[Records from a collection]
┏━━
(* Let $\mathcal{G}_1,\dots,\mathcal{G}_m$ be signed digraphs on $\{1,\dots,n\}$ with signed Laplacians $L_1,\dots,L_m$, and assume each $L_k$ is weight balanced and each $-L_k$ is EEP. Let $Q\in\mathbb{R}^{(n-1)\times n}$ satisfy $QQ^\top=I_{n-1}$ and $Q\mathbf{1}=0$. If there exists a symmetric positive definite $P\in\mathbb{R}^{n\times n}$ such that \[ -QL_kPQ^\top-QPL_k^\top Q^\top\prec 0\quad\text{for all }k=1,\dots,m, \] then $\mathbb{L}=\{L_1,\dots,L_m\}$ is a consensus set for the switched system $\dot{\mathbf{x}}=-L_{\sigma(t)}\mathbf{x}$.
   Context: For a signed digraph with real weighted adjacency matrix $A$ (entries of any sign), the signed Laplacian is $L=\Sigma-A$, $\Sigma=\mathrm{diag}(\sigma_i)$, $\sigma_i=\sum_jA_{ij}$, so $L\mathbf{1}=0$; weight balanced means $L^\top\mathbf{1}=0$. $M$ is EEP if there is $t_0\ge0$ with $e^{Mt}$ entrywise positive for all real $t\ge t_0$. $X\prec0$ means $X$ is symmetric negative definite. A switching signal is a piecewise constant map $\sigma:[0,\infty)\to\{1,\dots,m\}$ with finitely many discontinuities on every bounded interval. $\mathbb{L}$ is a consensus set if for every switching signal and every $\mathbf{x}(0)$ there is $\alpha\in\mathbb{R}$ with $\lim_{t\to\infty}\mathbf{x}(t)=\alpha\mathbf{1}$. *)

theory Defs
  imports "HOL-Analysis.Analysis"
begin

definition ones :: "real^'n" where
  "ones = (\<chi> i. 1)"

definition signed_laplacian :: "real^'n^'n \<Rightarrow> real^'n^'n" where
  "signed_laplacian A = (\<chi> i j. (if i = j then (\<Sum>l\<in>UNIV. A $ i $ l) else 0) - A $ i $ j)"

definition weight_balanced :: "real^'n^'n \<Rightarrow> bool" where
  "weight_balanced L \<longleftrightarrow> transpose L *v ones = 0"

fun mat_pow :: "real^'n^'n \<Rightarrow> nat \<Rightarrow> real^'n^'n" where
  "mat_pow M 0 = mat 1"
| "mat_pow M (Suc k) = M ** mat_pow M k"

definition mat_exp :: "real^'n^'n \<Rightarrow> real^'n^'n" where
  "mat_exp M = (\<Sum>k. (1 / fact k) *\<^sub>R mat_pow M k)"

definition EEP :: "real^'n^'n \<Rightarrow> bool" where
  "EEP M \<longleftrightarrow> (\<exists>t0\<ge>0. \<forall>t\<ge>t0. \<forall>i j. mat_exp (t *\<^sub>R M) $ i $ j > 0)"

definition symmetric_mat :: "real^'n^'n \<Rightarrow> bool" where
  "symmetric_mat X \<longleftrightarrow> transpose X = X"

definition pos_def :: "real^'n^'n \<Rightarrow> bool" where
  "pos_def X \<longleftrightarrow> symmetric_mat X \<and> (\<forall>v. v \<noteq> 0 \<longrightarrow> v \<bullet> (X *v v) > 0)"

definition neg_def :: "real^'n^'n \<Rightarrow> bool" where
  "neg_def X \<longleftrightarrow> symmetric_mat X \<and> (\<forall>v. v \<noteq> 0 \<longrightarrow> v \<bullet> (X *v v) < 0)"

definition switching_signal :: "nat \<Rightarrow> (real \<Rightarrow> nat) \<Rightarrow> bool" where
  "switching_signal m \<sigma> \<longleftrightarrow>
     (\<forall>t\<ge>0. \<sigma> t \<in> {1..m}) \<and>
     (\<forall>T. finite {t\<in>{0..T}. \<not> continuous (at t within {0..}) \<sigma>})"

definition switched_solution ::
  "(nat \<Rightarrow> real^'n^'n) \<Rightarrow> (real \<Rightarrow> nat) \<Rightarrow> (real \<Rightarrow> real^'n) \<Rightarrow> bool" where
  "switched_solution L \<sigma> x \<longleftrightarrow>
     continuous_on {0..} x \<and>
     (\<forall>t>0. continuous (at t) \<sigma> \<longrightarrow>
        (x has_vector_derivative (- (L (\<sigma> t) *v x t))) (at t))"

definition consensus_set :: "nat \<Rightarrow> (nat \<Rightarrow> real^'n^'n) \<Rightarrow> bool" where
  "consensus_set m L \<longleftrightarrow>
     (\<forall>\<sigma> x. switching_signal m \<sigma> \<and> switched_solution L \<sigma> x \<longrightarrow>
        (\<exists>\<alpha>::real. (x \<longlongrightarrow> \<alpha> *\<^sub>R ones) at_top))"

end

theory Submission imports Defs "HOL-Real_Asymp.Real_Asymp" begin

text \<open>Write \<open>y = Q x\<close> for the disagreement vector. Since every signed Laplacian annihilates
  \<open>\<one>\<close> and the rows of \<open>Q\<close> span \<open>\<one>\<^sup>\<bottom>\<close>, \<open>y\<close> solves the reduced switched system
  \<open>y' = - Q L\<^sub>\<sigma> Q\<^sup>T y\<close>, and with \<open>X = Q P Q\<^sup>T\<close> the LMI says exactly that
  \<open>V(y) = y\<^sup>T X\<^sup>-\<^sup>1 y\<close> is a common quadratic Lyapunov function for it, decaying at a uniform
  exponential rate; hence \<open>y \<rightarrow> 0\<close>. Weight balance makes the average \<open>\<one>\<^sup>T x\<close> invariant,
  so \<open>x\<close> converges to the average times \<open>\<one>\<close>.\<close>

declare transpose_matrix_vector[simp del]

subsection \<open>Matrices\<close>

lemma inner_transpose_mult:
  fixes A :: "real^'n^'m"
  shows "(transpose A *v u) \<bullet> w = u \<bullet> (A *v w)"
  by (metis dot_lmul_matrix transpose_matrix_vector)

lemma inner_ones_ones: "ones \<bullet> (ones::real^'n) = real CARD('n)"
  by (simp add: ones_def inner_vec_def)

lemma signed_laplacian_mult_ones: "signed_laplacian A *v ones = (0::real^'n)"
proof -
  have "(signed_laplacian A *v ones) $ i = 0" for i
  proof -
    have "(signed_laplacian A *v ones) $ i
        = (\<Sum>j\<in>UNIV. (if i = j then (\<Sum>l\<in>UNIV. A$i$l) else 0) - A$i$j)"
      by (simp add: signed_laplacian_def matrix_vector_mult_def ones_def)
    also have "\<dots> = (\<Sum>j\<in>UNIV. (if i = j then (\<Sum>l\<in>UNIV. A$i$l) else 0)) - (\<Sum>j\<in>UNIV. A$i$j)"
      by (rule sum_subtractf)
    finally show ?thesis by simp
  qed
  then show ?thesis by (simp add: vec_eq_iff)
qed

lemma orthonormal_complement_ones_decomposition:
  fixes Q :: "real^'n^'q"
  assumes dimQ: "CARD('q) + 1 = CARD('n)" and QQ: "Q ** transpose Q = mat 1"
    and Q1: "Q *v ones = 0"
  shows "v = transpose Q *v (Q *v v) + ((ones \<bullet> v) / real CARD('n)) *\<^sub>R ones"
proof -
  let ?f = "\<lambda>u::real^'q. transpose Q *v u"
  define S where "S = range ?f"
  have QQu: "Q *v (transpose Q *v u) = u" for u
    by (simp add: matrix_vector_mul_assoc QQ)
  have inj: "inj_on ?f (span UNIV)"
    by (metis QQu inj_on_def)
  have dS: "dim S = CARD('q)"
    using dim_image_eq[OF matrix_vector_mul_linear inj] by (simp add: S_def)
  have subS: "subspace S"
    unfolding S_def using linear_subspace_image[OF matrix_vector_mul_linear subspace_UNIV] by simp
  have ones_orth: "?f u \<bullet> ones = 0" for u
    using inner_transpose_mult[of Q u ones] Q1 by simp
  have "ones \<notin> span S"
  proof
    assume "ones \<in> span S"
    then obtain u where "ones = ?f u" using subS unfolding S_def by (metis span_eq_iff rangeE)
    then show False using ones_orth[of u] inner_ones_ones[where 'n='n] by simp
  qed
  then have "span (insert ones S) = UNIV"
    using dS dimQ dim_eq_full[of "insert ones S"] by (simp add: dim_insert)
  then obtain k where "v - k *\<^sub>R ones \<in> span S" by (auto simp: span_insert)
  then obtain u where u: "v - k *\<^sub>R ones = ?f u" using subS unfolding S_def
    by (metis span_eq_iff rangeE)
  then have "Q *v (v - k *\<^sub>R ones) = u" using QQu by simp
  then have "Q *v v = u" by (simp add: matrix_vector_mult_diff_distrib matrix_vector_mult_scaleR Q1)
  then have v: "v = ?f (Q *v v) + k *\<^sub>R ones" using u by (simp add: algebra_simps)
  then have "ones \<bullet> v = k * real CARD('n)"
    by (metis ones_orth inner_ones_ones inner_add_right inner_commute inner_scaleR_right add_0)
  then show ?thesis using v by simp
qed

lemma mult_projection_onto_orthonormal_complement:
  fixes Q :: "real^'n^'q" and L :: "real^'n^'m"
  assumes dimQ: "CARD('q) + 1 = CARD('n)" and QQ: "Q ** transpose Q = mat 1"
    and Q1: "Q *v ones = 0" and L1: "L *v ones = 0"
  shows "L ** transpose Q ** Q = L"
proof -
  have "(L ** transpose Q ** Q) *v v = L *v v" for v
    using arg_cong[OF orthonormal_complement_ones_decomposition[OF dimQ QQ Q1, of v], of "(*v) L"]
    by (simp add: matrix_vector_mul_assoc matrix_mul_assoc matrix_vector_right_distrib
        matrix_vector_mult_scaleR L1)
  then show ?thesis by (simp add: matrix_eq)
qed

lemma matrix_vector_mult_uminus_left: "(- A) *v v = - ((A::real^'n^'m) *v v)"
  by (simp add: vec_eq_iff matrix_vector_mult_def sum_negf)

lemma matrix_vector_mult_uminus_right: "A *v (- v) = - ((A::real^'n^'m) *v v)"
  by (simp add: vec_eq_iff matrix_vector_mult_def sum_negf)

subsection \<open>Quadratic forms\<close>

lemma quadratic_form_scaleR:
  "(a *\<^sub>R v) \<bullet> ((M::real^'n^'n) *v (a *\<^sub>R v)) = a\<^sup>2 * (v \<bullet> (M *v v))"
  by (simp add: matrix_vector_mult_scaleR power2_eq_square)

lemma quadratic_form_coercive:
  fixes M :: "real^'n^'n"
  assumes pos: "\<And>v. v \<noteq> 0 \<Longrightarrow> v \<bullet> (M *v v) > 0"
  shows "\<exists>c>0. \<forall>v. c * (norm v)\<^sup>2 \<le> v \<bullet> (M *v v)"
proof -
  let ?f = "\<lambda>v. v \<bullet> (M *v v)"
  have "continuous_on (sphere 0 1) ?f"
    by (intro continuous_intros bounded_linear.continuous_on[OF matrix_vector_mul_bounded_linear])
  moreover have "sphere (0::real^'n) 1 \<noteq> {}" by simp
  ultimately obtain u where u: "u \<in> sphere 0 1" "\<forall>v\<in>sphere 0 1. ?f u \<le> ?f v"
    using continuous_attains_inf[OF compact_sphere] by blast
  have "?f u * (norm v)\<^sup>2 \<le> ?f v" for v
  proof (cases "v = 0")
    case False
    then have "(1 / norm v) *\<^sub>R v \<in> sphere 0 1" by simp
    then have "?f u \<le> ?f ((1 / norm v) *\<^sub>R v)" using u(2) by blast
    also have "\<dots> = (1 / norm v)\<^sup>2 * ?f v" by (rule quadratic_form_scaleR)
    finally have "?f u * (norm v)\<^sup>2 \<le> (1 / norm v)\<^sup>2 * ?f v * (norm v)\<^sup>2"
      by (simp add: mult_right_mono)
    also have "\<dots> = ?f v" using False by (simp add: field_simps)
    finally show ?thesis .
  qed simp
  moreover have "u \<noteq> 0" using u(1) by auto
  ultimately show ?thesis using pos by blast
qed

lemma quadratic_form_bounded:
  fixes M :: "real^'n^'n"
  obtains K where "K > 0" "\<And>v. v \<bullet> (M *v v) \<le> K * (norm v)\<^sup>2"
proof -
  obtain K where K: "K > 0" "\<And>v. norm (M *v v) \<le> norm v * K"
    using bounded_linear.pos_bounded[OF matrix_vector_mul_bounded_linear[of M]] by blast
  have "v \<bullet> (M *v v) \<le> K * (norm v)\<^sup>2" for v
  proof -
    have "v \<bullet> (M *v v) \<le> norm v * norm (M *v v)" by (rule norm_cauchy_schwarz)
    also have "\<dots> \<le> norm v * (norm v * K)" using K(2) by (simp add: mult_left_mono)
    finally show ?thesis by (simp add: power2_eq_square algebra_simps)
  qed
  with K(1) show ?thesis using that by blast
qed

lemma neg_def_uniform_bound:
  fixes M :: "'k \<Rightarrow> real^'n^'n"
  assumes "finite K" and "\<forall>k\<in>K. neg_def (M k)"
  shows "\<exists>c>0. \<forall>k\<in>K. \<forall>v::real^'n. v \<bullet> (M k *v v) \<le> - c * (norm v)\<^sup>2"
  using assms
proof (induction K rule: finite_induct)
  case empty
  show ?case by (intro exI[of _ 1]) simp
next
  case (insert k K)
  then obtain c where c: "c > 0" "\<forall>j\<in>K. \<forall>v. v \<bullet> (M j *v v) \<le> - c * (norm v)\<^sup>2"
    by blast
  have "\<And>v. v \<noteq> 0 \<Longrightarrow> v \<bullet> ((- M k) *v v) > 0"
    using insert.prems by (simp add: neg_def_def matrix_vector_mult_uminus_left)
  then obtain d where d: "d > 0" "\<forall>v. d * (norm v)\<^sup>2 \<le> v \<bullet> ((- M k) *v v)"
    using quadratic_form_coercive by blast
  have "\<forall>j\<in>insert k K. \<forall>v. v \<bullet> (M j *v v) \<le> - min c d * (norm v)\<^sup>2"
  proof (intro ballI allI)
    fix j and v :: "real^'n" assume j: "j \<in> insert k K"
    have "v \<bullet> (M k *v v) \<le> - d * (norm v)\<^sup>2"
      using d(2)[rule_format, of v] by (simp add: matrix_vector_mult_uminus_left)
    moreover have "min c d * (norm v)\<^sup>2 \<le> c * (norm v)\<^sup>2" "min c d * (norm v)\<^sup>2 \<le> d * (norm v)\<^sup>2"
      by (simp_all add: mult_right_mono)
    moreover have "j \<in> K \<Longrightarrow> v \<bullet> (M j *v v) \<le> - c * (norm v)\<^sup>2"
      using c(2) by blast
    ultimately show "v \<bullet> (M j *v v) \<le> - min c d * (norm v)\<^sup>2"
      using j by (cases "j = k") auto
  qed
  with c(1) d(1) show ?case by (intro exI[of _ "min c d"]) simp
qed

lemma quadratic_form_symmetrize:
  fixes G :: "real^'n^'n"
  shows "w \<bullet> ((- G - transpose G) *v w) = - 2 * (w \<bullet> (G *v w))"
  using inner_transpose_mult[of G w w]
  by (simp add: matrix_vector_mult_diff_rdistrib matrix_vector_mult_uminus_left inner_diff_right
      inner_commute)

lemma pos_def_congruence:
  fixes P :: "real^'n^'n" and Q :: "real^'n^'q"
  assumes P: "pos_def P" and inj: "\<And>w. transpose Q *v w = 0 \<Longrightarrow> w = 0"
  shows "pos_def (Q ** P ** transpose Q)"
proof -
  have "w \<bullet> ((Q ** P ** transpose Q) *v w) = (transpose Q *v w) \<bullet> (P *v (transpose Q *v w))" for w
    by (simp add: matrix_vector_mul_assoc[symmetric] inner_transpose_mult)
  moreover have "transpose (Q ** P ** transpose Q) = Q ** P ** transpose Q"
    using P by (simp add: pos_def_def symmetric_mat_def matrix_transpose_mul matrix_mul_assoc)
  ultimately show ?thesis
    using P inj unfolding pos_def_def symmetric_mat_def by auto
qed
┗━━
┏━━
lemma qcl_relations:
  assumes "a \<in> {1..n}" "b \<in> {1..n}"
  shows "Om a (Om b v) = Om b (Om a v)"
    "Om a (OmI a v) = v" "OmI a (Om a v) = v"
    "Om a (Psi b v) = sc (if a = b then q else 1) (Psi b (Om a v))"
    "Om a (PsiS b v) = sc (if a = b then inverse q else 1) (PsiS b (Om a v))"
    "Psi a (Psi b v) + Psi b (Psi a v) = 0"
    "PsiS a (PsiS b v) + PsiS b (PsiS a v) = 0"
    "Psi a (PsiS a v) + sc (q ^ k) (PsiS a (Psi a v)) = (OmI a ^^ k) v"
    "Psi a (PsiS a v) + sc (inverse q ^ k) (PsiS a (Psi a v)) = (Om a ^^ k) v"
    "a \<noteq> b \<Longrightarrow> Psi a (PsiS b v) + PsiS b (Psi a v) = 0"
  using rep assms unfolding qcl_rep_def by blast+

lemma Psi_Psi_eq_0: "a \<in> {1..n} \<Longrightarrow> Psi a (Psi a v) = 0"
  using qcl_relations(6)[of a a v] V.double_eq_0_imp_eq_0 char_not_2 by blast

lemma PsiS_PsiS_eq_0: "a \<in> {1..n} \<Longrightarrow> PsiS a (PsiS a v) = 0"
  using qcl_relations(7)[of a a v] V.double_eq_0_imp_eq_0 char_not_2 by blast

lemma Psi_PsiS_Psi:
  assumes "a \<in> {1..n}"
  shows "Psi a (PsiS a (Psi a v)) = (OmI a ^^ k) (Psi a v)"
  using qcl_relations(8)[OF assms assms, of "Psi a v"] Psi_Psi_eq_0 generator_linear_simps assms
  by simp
┗━━
┏━━
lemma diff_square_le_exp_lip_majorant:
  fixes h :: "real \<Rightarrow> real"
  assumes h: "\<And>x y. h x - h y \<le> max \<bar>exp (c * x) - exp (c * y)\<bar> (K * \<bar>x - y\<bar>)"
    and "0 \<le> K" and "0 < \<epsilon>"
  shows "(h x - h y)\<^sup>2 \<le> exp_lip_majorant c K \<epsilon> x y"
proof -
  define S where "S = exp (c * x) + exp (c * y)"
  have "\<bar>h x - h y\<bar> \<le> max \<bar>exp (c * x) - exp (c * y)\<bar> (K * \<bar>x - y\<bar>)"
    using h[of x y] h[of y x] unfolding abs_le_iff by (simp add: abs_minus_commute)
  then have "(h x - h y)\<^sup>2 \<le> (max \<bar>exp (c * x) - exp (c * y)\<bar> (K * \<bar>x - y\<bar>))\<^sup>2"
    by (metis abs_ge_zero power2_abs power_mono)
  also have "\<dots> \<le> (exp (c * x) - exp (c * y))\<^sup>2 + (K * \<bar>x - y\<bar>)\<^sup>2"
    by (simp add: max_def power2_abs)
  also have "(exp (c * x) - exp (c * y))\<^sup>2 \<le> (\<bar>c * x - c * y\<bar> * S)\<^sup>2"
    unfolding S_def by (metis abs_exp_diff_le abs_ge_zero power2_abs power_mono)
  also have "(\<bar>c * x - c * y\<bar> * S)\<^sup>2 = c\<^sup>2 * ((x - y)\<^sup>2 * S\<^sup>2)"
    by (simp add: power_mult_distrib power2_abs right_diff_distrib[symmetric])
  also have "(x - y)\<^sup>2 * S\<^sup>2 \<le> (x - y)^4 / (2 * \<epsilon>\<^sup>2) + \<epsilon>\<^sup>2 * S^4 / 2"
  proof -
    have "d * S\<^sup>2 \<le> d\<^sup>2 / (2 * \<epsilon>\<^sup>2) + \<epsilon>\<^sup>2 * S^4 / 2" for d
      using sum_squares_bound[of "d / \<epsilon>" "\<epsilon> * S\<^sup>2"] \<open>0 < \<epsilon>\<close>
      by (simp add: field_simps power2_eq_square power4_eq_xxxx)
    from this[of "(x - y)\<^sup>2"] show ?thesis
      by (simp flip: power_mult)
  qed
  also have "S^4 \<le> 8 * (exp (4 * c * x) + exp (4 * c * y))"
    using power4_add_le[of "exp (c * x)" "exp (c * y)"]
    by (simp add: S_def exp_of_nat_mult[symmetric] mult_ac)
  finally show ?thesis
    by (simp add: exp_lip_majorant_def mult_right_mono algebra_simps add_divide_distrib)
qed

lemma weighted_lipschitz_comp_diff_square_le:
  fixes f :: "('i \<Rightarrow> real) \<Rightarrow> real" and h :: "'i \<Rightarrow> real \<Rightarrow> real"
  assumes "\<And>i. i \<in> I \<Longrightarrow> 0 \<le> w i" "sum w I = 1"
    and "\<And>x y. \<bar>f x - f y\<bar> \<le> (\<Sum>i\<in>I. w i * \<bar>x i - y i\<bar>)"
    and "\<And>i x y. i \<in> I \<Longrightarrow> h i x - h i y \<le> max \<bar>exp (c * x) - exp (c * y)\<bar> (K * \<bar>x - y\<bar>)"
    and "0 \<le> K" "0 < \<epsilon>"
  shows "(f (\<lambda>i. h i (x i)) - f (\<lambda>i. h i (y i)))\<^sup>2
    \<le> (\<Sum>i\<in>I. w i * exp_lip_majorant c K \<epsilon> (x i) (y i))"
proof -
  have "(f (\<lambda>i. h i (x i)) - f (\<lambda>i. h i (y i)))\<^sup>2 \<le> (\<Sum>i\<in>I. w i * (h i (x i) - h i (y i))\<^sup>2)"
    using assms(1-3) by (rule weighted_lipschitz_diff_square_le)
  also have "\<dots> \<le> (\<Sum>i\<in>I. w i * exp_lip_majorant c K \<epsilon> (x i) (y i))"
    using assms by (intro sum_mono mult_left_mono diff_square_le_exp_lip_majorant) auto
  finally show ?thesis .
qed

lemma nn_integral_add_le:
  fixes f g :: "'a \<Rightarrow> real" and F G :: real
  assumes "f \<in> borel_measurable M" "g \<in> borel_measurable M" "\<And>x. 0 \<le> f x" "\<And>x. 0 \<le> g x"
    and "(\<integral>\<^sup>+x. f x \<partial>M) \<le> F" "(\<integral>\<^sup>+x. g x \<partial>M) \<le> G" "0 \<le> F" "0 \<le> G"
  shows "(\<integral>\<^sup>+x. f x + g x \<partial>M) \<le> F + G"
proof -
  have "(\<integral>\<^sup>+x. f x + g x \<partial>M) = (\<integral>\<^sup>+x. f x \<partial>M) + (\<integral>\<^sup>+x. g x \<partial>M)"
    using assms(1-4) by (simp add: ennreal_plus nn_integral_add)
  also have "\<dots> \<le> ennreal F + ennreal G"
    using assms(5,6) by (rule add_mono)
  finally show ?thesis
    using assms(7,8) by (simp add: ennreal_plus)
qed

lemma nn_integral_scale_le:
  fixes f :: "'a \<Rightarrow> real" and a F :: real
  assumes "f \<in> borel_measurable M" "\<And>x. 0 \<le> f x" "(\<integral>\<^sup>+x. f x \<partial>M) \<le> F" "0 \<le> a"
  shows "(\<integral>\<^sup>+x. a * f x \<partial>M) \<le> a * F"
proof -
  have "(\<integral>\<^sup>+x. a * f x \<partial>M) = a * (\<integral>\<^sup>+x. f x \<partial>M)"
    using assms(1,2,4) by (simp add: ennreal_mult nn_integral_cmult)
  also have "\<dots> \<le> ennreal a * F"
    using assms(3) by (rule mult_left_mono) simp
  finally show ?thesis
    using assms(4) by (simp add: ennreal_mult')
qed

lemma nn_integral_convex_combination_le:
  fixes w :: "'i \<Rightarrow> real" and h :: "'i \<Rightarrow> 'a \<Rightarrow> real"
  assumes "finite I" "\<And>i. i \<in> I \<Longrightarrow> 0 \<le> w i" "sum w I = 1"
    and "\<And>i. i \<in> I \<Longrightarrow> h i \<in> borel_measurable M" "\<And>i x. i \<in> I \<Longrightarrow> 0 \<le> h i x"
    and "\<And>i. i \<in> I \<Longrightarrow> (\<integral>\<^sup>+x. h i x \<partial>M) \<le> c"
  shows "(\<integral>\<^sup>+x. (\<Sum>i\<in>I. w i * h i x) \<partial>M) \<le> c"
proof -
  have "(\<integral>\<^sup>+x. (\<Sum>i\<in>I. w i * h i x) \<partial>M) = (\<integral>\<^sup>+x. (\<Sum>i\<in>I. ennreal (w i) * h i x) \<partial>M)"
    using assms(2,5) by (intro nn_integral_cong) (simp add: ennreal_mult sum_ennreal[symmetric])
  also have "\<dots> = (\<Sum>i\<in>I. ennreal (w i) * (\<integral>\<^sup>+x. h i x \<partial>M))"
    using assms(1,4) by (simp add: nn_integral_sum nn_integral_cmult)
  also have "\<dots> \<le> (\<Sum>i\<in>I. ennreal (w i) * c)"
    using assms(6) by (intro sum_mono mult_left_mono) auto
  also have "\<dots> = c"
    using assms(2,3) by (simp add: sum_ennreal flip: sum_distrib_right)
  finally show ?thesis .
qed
┗━━
Task goal
Every line above that has the string "epsilon" needs to be copied.

Task answer
    and "0 \<le> K" and "0 < \<epsilon>"
  shows "(h x - h y)\<^sup>2 \<le> exp_lip_majorant c K \<epsilon> x y"
  also have "(x - y)\<^sup>2 * S\<^sup>2 \<le> (x - y)^4 / (2 * \<epsilon>\<^sup>2) + \<epsilon>\<^sup>2 * S^4 / 2"
    have "d * S\<^sup>2 \<le> d\<^sup>2 / (2 * \<epsilon>\<^sup>2) + \<epsilon>\<^sup>2 * S^4 / 2" for d
      using sum_squares_bound[of "d / \<epsilon>" "\<epsilon> * S\<^sup>2"] \<open>0 < \<epsilon>\<close>
    and "0 \<le> K" "0 < \<epsilon>"
    \<le> (\<Sum>i\<in>I. w i * exp_lip_majorant c K \<epsilon> (x i) (y i))"
  also have "\<dots> \<le> (\<Sum>i\<in>I. w i * exp_lip_majorant c K \<epsilon> (x i) (y i))"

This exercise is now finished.